Weinmann Sheila, Richert-Boe Kathryn E, Van Den Eeden Stephen K, Enger Shelley M, Rybicki Benjamin A, Shapiro Jean A, Weiss Noel S
Center for Health Research, Kaiser Permanente Northwest, 3800 N. Interstate Avenue, Portland, OR 97227, USA.
Epidemiology. 2005 May;16(3):367-76. doi: 10.1097/01.ede.0000158395.05136.02.
The potential role of prostate cancer screening in reducing mortality is uncertain. To examine whether screening with the prostate-specific antigen (PSA) test or digital rectal examination is associated with reduced prostate cancer mortality, we conducted a population-based case-control study in 4 health maintenance organizations.
Cases were 769 health plan members who died because of prostate adenocarcinoma during the years 1997-2001. We randomly selected 929 controls from the health plan membership and matched them to cases on health plan, age, race, and membership history. Medical records were used to document all screening tests in the 10 years before and including the date on which prostate cancer was first suspected.
Among white participants, 62% of cases and 69% of controls had a least 1 screening PSA test or digital rectal examination (odds ratio = 0.73; 95% confidence interval = 0.55-0.97). The corresponding proportions for blacks were 59% and 61% (1.0; 0.59-1.4). Most screening tests were digital rectal examinations; therefore, in the subgroup with no history of PSA screening, the association between digital rectal screening and prostate cancer mortality was similar to the overall association (0.65 [0.48-0.88] among whites; 0.86 [0.53-1.4] among blacks). Very few men received screening PSA without screening digital rectal examination (6% of cases and 7% of controls among whites).

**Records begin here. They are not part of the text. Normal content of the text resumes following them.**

lemma sum_arcs_swap:
  assumes sym: "\<And>u v. E u v \<longleftrightarrow> E v u"
  shows "(\<Sum>(v, w)\<in>arcs S E S. F v w) = (\<Sum>(v, w)\<in>arcs S E S. F w v)"
proof -
  have "inj_on prod.swap (arcs S E S)" "prod.swap ` arcs S E S = arcs S E S"
    using sym by (auto simp: arcs_def image_iff)
  then show ?thesis
    using sum.reindex[of prod.swap "arcs S E S" "\<lambda>(v, w). F v w"]
    by (simp add: case_prod_unfold)
qed

lemma sum_laplacian_eq_cut_flow:
  assumes fin: "finite V" and S: "S \<subseteq> V" and sym: "\<And>u v. E u v \<longleftrightarrow> E v u"
  shows "(\<Sum>v\<in>S. laplacian V E phi v) = (\<Sum>(v, w)\<in>cut_arcs V E S. phi v - phi w)"
proof -
  have finS: "finite S"
    using fin S finite_subset by blast
  have inner_flow: "(\<Sum>(v, w)\<in>arcs S E S. phi v - phi w) = 0"
  proof -
    have "(\<Sum>(v, w)\<in>arcs S E S. phi v - phi w) = (\<Sum>(v, w)\<in>arcs S E S. phi w - phi v)"
      by (rule sum_arcs_swap[OF sym])
    also have "\<dots> = - (\<Sum>(v, w)\<in>arcs S E S. phi v - phi w)"
      by (simp add: case_prod_unfold flip: sum_negf)
    finally show ?thesis by simp
  qed
  have "arcs V E S = arcs S E S \<union> cut_arcs V E S"
    using S by (auto simp: arcs_def cut_arcs_def)
  moreover have "arcs S E S \<inter> cut_arcs V E S = {}"
    by (auto simp: arcs_def cut_arcs_def)
  moreover have "finite (cut_arcs V E S)"
    using finite_subset[OF cut_arcs_subset_arcs[OF S] finite_arcs[OF fin fin]] .
  ultimately have "(\<Sum>(v, w)\<in>arcs V E S. phi v - phi w) =
      (\<Sum>(v, w)\<in>arcs S E S. phi v - phi w) + (\<Sum>(v, w)\<in>cut_arcs V E S. phi v - phi w)"
    using finite_arcs[OF finS finS] by (simp add: sum.union_disjoint)
  then show ?thesis
    unfolding laplacian_def sum_nbrs_eq_sum_arcs[OF fin S] inner_flow by simp
qed
theorem theorem1:
  fixes h :: "real \<Rightarrow> real" and J :: "real set"
    and f f1 f2 f3 :: "real \<Rightarrow> real" and I :: "real set" and a b :: real
  assumes J_int: "is_interval J" and J_sub: "{0..1} \<subseteq> J"
    and h_nonneg: "\<forall>t\<in>J. 0 \<le> h t"
    and h_int: "h absolutely_integrable_on {0..1}"
    and I_open: "open I" and I_int: "is_interval I" and I_pos: "I \<subseteq> {0..}"
    and ab: "a \<in> I" "b \<in> I" "a < b"
    and d1: "\<forall>x\<in>I. (f has_real_derivative f1 x) (at x)"
    and d2: "\<forall>x\<in>I. (f1 has_real_derivative f2 x) (at x)"
    and d3: "\<forall>x\<in>I. (f2 has_real_derivative f3 x) (at x)"
    and f3_L1: "f3 absolutely_integrable_on {a..b}"
    and hconv: "h_convex_on h a b (\<lambda>x. \<bar>f3 x\<bar>)"
  shows "\<bar>integral {a..b} f - (b - a) / 6 * (f a + 4 * f ((a + b) / 2) + f b)\<bar>
    \<le> (b - a) ^ 4 / 6 *
       (integral {0..1/2} (\<lambda>t. t\<^sup>2 * (1/2 - t) * h t)
        + integral {0..1/2} (\<lambda>t. t\<^sup>2 * (1/2 - t) * h (1 - t)))
       * (\<bar>f3 a\<bar> + \<bar>f3 b\<bar>)"
proof -
  have "{a..b} \<subseteq> I"
    using mem_is_interval_1_I[OF I_int ab(1,2)] by auto
  then have "\<forall>x\<in>{a..b}. (f has_real_derivative f1 x) (at x within {a..b})"
    "\<forall>x\<in>{a..b}. (f1 has_real_derivative f2 x) (at x within {a..b})"
    "\<forall>x\<in>{a..b}. (f2 has_real_derivative f3 x) (at x within {a..b})"
    using d1 d2 d3 has_field_derivative_at_within by blast+
  note rep = simpson_error_representation[OF ab(3) this]
  define IL where "IL = integral {0..1/2} (\<lambda>t. simpson_kernel t * f3 (a + t*(b - a)))"
  define IR where "IR = integral {0..1/2} (\<lambda>t. simpson_kernel t * f3 (b - t*(b - a)))"
  define Ih where "Ih = integral {0..1/2} (\<lambda>t. simpson_kernel t * h t)"
  define Ih' where "Ih' = integral {0..1/2} (\<lambda>t. simpson_kernel t * h (1 - t))"
  have "(\<lambda>t. h (1 - t)) absolutely_integrable_on {0..1}"
    using integrable_reflect_unit_interval[of h] h_int h_nonneg J_sub
    by (intro nonnegative_absolutely_integrable_1) (auto simp: absolutely_integrable_on_def subset_iff)
  note weights = simpson_kernel_weight_integrable[OF h_int] simpson_kernel_weight_integrable[OF this]
  have ends: "a \<in> {a..b}" "b \<in> {a..b}" and half: "{0..1/2} \<subseteq> {0..1::real}"
    using ab by auto
  have "\<bar>IL\<bar> \<le> \<bar>f3 b\<bar> * Ih + \<bar>f3 a\<bar> * Ih'"
    unfolding IL_def Ih_def Ih'_def
    by (rule h_convex_weighted_bound[OF hconv ends(2,1) half _ _ rep(1) weights])
      (auto simp: simpson_kernel_nonneg algebra_simps)
  moreover have "\<bar>IR\<bar> \<le> \<bar>f3 a\<bar> * Ih + \<bar>f3 b\<bar> * Ih'"
    unfolding IR_def Ih_def Ih'_def
    by (rule h_convex_weighted_bound[OF hconv ends half _ _ rep(2) weights])
      (auto simp: simpson_kernel_nonneg algebra_simps)
  ultimately have kernel_bound: "\<bar>IL - IR\<bar> \<le> (Ih + Ih') * (\<bar>f3 a\<bar> + \<bar>f3 b\<bar>)"
    using abs_triangle_ineq4[of IL IR] by (simp add: algebra_simps)
  have "\<bar>integral {a..b} f - (b - a) / 6 * (f a + 4 * f ((a + b) / 2) + f b)\<bar>
        = (b - a)^4 / 6 * \<bar>IL - IR\<bar>"
    unfolding rep(3) IL_def[symmetric] IR_def[symmetric] using ab(3) by (simp add: abs_mult)
  also have "\<dots> \<le> (b - a)^4 / 6 * ((Ih + Ih') * (\<bar>f3 a\<bar> + \<bar>f3 b\<bar>))"
    using kernel_bound by (rule mult_left_mono) simp
  finally show ?thesis
    unfolding Ih_def Ih'_def simpson_kernel_def by (simp only: mult.assoc)
qed

end
lemma pcomb_scale: "pcomb n (\<lambda>C. c * \<gamma> C) = (\<lambda>w. c * pcomb n \<gamma> w)"
  unfolding pcomb_def by (rule ext) (simp add: sum_distrib_left mult.assoc)

lemma pcomb_add: "pcomb n (\<lambda>C. \<gamma> C + \<delta> C) = (\<lambda>w. pcomb n \<gamma> w + pcomb n \<delta> w)"
  unfolding pcomb_def by (rule ext) (simp add: distrib_right sum.distrib)

lemma pcomb_diff: "pcomb n (\<lambda>C. \<gamma> C - \<delta> C) = (\<lambda>w. pcomb n \<gamma> w - pcomb n \<delta> w)"
  unfolding pcomb_def by (rule ext) (simp add: left_diff_distrib sum_subtractf)

lemma pcomb_delta:
  "C \<in> normal_patterns n \<Longrightarrow> pcomb n (\<lambda>D. if D = C then 1 else 0) = ptensor P C"
  unfolding pcomb_def
  by (rule ext) (simp add: if_distrib[where f="\<lambda>u. u * _"] finite_normal_patterns cong: if_cong)

lemma pcomb_reindex:
  assumes "\<And>B. B \<in> normal_patterns n \<Longrightarrow> f B \<in> normal_patterns n"
  shows "pcomb n (\<lambda>C. \<Sum>B\<in>normal_patterns n. if f B = C then c B else 0) w =
    (\<Sum>B\<in>normal_patterns n. c B * ptensor P (f B) w)"
  unfolding pcomb_def sum_distrib_right
  by (subst sum.swap) (simp add: if_distrib[where f="\<lambda>u. u * _"] assms finite_normal_patterns cong: if_cong)

lemma monomial_in_span: "length w = n \<Longrightarrow> \<exists>\<gamma>. monomial w = pcomb n \<gamma>"
proof (induction "word_rank w" arbitrary: w rule: less_induct)
  case less
  define C where "C = parse w"
  have C: "C \<in> normal_patterns n" using less.prems by (simp add: C_def normal_patterns_def normal_parse)
  define c where "c = ptensor P C w"
  have c: "c \<noteq> 0" using ptensor_leading_word[of C] by (simp add: c_def C_def)
  define S where "S = {u. length u = n \<and> u \<noteq> w \<and> ptensor P C u \<noteq> 0}"
  have "\<exists>\<gamma>. monomial u = pcomb n \<gamma>" if "u \<in> S" for u
  proof -
    have "word_rank u < word_rank w"
      using ptensor_triangular[of C u] that by (auto simp: S_def C_def)
    then show ?thesis using less.hyps that by (auto simp: S_def)
  qed
  then obtain \<Gamma> where \<Gamma>: "\<forall>u\<in>S. monomial u = pcomb n (\<Gamma> u)" by metis
  \<comment> \<open>\<open>C\<close> is \<open>c\<close> times \<open>w\<close> plus monomials of smaller rank, which are in the span by induction\<close>
  have expand: "ptensor P C v = c * monomial w v + (\<Sum>u\<in>S. ptensor P C u * monomial u v)" for v
  proof -
    have "ptensor P C v = (\<Sum>u\<in>{u. length u = n}. ptensor P C u * monomial u v)"
      by (rule fun_cong[OF homogeneous_monomial_expansion[OF homogeneous_ptensor_normal[OF C]]])
    also have "\<dots> = c * monomial w v + (\<Sum>u\<in>{u. length u = n} - {w}. ptensor P C u * monomial u v)"
      using less.prems by (simp add: sum.remove finite_words_length c_def)
    also have "(\<Sum>u\<in>{u. length u = n} - {w}. ptensor P C u * monomial u v) =
        (\<Sum>u\<in>S. ptensor P C u * monomial u v)"
      by (rule sum.mono_neutral_right) (auto simp: S_def finite_words_length)
    finally show ?thesis .
  qed
  define \<gamma> where "\<gamma> D = inverse c * ((if D = C then 1 else 0) - (\<Sum>u\<in>S. ptensor P C u * \<Gamma> u D))"
    for D
  have "pcomb n \<gamma> = (\<lambda>v. inverse c * (ptensor P C v - (\<Sum>u\<in>S. ptensor P C u * pcomb n (\<Gamma> u) v)))"
    unfolding \<gamma>_def pcomb_scale pcomb_diff pcomb_sum pcomb_delta[OF C] ..
  also have "\<dots> = (\<lambda>v. inverse c * (ptensor P C v - (\<Sum>u\<in>S. ptensor P C u * monomial u v)))"
    using \<Gamma> by simp
  also have "\<dots> = monomial w"
  proof
    fix v
    show "inverse c * (ptensor P C v - (\<Sum>u\<in>S. ptensor P C u * monomial u v)) = monomial w v"
      unfolding expand[of v] using c by simp
  qed
  finally show ?case by metis
qed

Digital rectal screening was associated with a reduced risk of death due to prostate cancer in our population. Because of several data limitations, this study could not accurately estimate the effect of PSA screening separate from digital rectal examination.
前列腺癌筛查在降低死亡率方面的潜在作用尚不确定。为了研究前列腺特异性抗原(PSA)检测或直肠指检筛查是否与降低前列腺癌死亡率相关,我们在4个健康维护组织中开展了一项基于人群的病例对照研究。
病例为1997年至2001年期间因前列腺腺癌死亡的769名健康计划成员。我们从健康计划成员中随机选取929名对照,并根据健康计划、年龄、种族和成员资格历史将他们与病例进行匹配。使用医疗记录记录在首次怀疑前列腺癌之前及包括该日期在内的10年中的所有筛查检测。
在白人参与者中,62%的病例和69%的对照至少进行过1次PSA筛查检测或直肠指检(比值比 = 0.73;95%置信区间 = 0.55 - 0.97)。黑人的相应比例分别为59%和61%(1.0;0.59 - 1.4)。大多数筛查检测是直肠指检;因此,在无PSA筛查史的亚组中,直肠指检筛查与前列腺癌死亡率之间的关联与总体关联相似(白人中为0.65[0.48 - 0.88];黑人中为0.86[0.53 - 1.4])。很少有男性在未进行直肠指检的情况下接受PSA筛查(白人中6%的病例和7%的对照)。
在我们的研究人群中,直肠指检筛查与降低前列腺癌死亡风险相关。由于存在一些数据局限性,本研究无法准确估计独立于直肠指检的PSA筛查的效果。